Yes, that is exactly how we perceive recruitment. Only 10% of people are actively looking for a job, while 90% are open but first need to build trust and relationship. We have calculated that our recruitment takes twelve months from when the person first learns about us until they send us their resume.
What are you doing in the meantime?
We are trying to give people some value. It's not so much about the amount of coffee invitations sent, but about inviting them to an interesting event or sharing our technical know-how with them. When we do not have an interesting event, we tell them to come and see what our project teams are working on. In addition, we create interesting content and use our people's personal brands to spread awareness about the company. I keep on noticing that companies are often searching for shortcuts asking how to write a great job ad and get people fast. But there are no fields with shortcuts, are there? It's about honest, long-term and quality work that you have to do.
STRV is growing fast. Are you afraid of becoming a corporation that will no longer have such a personal relationship with people?
Not really. We're picking people who do not have corporate ambitions. If someone says they want to be a manager, the red light goes on. It often happens that these people start to like power very much, they start to build their playground and control everything. We want people for whom managing someone is almost a punishment. Most people who have natural leadership skills will tell you they do not want to lead, but if you ask them for it, they will do it. We choose people for whom work is more important than a title on a business card.
STRV has recently introduced middle management and each team got its own manager. Did anything change?
I do not really like the word manager or leader, but there's probably nothing better. We are trying to find ways to override the logic of corporate governance. We do not want to get into a typical situation where the most experienced and thus expensive person gets stuck in a useless agenda (such as approving invoices and holidays and being responsible for reporting) and does not develop their strongest skills. Instead of creating new managers, we are trying to divide the work so that there is only a small number of managers who are devoted to their expertise. In this respect, I like the idea of self-managing teams by Google.
How do they work?
Google wants to change the common practice where about every eight people have a manager. They found that they were able to divide the administrative work of the manager into the team - one approves holidays, the other keeps an eye on the budget, another one makes reports and the like. By delegating responsibility, the ratio may not be 1:7, but 1:50. In such a situation, it is realistic to find good leaders and let daily routine be done by the teams themselves. It seems to me to like a brilliant idea.
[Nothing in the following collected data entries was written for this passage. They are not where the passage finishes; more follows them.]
lemma cm_map_vanishes_above_iff:
  assumes "inj_on P {1..<N}" "\<forall>i\<in>{1..<N}. length (P i) = n" "1 \<le> n"
    and "m \<in> {1..<N}" "t \<le> n"
  shows "vanishes_above n t (cm n (map P [1..<N]) ! (m - 1))
    \<longleftrightarrow> (\<forall>k\<in>{1..<N}. take t (P k) = take t (P m) \<longrightarrow> m \<le> k)"
proof -
  have "distinct (map P [1..<N])" using assms(1) by (simp add: distinct_map)
  then have "vanishes_above n t (cm n (map P [1..<N]) ! (m - 1))
      \<longleftrightarrow> (\<forall>k<m - 1. take t (P (Suc k)) \<noteq> take t (P m))"
    using cm_vanishes_above_iff[of "map P [1..<N]" n "m - 1" t] assms by auto
  also have "\<dots> \<longleftrightarrow> (\<forall>k\<in>Suc ` {..<m - 1}. take t (P k) \<noteq> take t (P m))"
    by auto
  also have "\<dots> \<longleftrightarrow> (\<forall>k\<in>{1..<N}. take t (P k) = take t (P m) \<longrightarrow> m \<le> k)"
    using assms(4) by (auto simp: image_Suc_lessThan not_le)
  finally show ?thesis .
qed

lemma finite_trie_children: "finite (trie_children P N j c)"
  unfolding trie_children_def trie_nodes_def by simp

lemma trie_children_iff:
  assumes "\<forall>i\<in>{1..N}. length (P i) = n" "j < n"
  shows "u \<in> trie_children P N j c
    \<longleftrightarrow> (\<exists>i\<in>{1..N}. u = take (Suc j) (P i) \<and> take j (P i) = c)"
  unfolding trie_children_def trie_nodes_def using assms by (auto simp: butlast_take)

lemma trie_key_le: "i \<in> trie_label P N j c \<Longrightarrow> trie_key P N j c \<le> i"
  unfolding trie_key_def trie_label_def by (intro Min_le) auto

lemma trie_key_mem: "trie_label P N j c \<noteq> {} \<Longrightarrow> trie_key P N j c \<in> trie_label P N j c"
  unfolding trie_key_def trie_label_def by (intro Min_in) auto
Do you try to innovate when recruiting and working with people?
I play around with a lot of marketing tools, whether it's a newsletter, a chatbot or a loyalty program for the best employees. Marketing is ahead of HR. We use Instagram Stories in our business. Every day we give at least one video to show what's new. There are snapshots when a new office opens in Brno, when David and Lubo arrange new projects, or a project manager introduces his team. Everyone can see what's going on.
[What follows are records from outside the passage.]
lemma limit_point_in_cell: "z \<in> space eta \<Longrightarrow> limit_point z \<in> cell (path z k)"
proof -
  assume z: "z \<in> space eta"
  let ?C = "\<lambda>n. cell (path z (Suc n))"
  have "decseq ?C"
    by (intro decseq_SucI) (simp add: cell_Cons_subset)
  moreover have "closed (?C n)" for n
    by (simp add: compact_cell_Cons compact_imp_closed)
  moreover have "?C n \<noteq> {}" for n
    using cell_nonempty base_cell_path[OF z] by blast
  moreover have "\<exists>n. \<forall>x\<in>?C n. \<forall>y\<in>?C n. dist x y < e" if e: "0 < e" for e
  proof -
    obtain n where n: "1 / 2 ^ Suc n < e"
      using e by (rule inverse_two_power_Suc_less)
    obtain i ys where p: "path z (Suc n) = i # ys" and len: "length ys = n"
      using base_cell_path[OF z, of n] by simp
    have "dist x y \<le> 1 / 2 ^ Suc n" if "x \<in> ?C n" "y \<in> ?C n" for x y
    proof -
      from that have "x \<in> cell (i # ys)" "y \<in> cell (i # ys)" unfolding p .
      from dist_cell_Cons[OF this] show ?thesis using len by simp
    qed
    with n show ?thesis by force
  qed
  ultimately obtain a where a: "\<And>n. a \<in> ?C n"
    using decreasing_closed_nest[of ?C] unfolding decseq_def by blast
  have "a \<in> cell (path z k)" for k
  proof (cases k)
    case 0
    then show ?thesis using a[of 0] cell_subset by auto
  qed (use a in simp)
  then have "\<forall>k. limit_point z \<in> cell (path z k)"
    unfolding limit_point_def by (intro someI[where P = "\<lambda>x. \<forall>k. x \<in> cell (path z k)"] allI)
  then show ?thesis by blast
qed

lemma limit_point_in_S: "z \<in> space eta \<Longrightarrow> limit_point z \<in> S"
  using limit_point_in_cell[of z 0] by simp

lemma vimage_limit_point_cell: "limit_point -` cell xs \<inter> space eta = base_cell xs"
proof (intro set_eqI iffI)
  fix z assume z: "z \<in> limit_point -` cell xs \<inter> space eta"
  then have "limit_point z \<in> cell xs \<inter> cell (path z (length xs))"
    using limit_point_in_cell by blast
  moreover have "length (path z (length xs)) = length xs"
    using z base_cell_path by blast
  ultimately have "path z (length xs) = xs"
    using tree_family_disjoint[OF cell_Cons_subset disjoint_family_cell_Cons, of xs "path z (length xs)"]
    by (metis empty_iff)
  with z show "z \<in> base_cell xs" by (simp add: base_cell_iff_path)
next
  fix z assume "z \<in> base_cell xs"
  then show "z \<in> limit_point -` cell xs \<inter> space eta"
    using limit_point_in_cell by (metis IntI base_cell_iff_path vimageI)
qed

lemma limit_point_not_uncovered: "z \<in> space eta \<Longrightarrow> limit_point z \<notin> uncovered"
  unfolding uncovered_def level_def using limit_point_in_cell base_cell_path by blast

lemma uncovered_null: "uncovered \<in> null_sets N"
proof -
  interpret N: prob_space N by (rule prob_N)
  have "space N = UNIV"
    using sets_eq_imp_space_eq[OF sets_N] by simp
  then have "- S \<in> null_sets N"
    using N_S S_borel sets_N N.emeasure_space_1 emeasure_compl[of S N]
    by (auto simp: null_sets_def Compl_eq_Diff_UNIV)
  moreover have "(\<Union>k. S - level k) \<in> null_sets N"
    using S_minus_level_null by (rule null_sets_UN)
  ultimately have "- S \<union> (\<Union>k. S - level k) \<in> null_sets N"
    by (rule null_sets.Un)
  moreover have "uncovered = - S \<union> (\<Union>k. S - level k)"
    by (auto simp: uncovered_def) (metis level_0)
  ultimately show ?thesis by simp
qed

lemma limit_point_measurable: "limit_point \<in> borel_measurable eta"
proof (rule measurable_sigma_sets[OF sets_borel_eq_sigma_cell_generator])
  fix B assume "B \<in> cell_generator"
  then consider xs where "B = cell xs" | "B \<subseteq> uncovered"
    by (auto simp: cell_generator_def)
  then show "limit_point -` B \<inter> space eta \<in> sets eta"
  proof cases
    case 2
    then have "limit_point -` B \<inter> space eta = {}"
      using limit_point_not_uncovered by blast
    then show ?thesis by simp
  qed (simp add: vimage_limit_point_cell base_cell_sets)
qed auto

lemma distr_limit_point: "distr eta borel limit_point = N"
proof (rule measure_eqI_generator_eq_countable[OF Int_stable_cell_generator])
  interpret eta: prob_space eta by (rule prob_eta)
  interpret N: prob_space N by (rule prob_N)
  have emeasure_distr_eq: "emeasure (distr eta borel limit_point) B = emeasure eta (limit_point -` B \<inter> space eta)"
    if "B \<in> sets borel" for B
    using limit_point_measurable that by (rule emeasure_distr)
  fix B assume "B \<in> cell_generator"
  then consider xs where "B = cell xs" | "B \<in> sets borel" "B \<subseteq> uncovered"
    by (auto simp: cell_generator_def)
  then show "emeasure (distr eta borel limit_point) B = emeasure N B"
  proof cases
    case 1
    then show ?thesis
      by (simp add: emeasure_distr_eq cell_borel vimage_limit_point_cell eta.emeasure_eq_measure
          N.emeasure_eq_measure measure_base_cell)
  next
    case 2
    then have "limit_point -` B \<inter> space eta = {}"
      using limit_point_not_uncovered by blast
    moreover have "B \<in> null_sets N"
      using 2 uncovered_null sets_N by (auto intro: null_sets_subset)
    ultimately show ?thesis using 2 by (simp add: emeasure_distr_eq null_setsD1)
  qed
next
  have "(\<Inter>k. level k) \<subseteq> S"
    using INT_lower[of 0 UNIV level] by (simp add: level_0)
  then have "- S \<subseteq> uncovered" by (auto simp: uncovered_def)
  then show "{S, - S} \<subseteq> cell_generator"
    using S_borel by (auto simp: cell_generator_def intro: range_eqI[of _ _ "[]"])
next
  have "finite_measure (distr eta borel limit_point)"
    using prob_space.prob_space_distr[OF prob_eta limit_point_measurable] by (rule prob_space.finite_measure)
  then show "emeasure (distr eta borel limit_point) a \<noteq> \<infinity>" if "a \<in> {S, - S}" for a
    using finite_measure.emeasure_finite by auto
qed (auto simp: sets_N sets_borel_eq_sigma_cell_generator cell_generator_subset_borel)

end

theorem nonatomic_realizes_distribution:
  fixes N :: "'a::polish_space measure" and eta :: "'z measure"
  assumes "prob_space eta" "nonatomic eta" "prob_space N" "sets N = sets borel"
    "S \<in> sets borel" "emeasure N S = 1"
  shows "\<exists>G\<in>borel_measurable eta. (\<forall>z\<in>space eta. G z \<in> S) \<and> distr eta borel G = N"
proof -
  interpret matched_cells N S eta
    by (intro matched_cells.intro borel_cells.intro matched_cells_axioms.intro)
      (simp_all add: assms prob_space.finite_measure)
  show ?thesis
    using limit_point_measurable limit_point_in_S distr_limit_point by blast
qed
Where do you get inspiration?
I find most inspiration in areas other than HR. I search for information, listen to podcasts and read a lot. If I, for example, want to find out more about email marketing, I look at the email marketing conferences and I go to one of them. If I cannot go, I'll see who's giving lectures, I try to find their blogs, read their articles, and start following them on Twitter.
Matěj Matolín works as a recruiter, a manager and a consultant. He writes the most popular Czech blog about recruitment Lovec hlav, organizes workshops, writes in the media and talks at conferences. His career has gone through recruitment in various fields ranging from automotive, heavy industry, and fintech to IT. He has experience in recruiting very specific positions as well as thousands of workers in production. He is currently recruiting for STRV, a company developing applications for the best startups in Silicon Valley.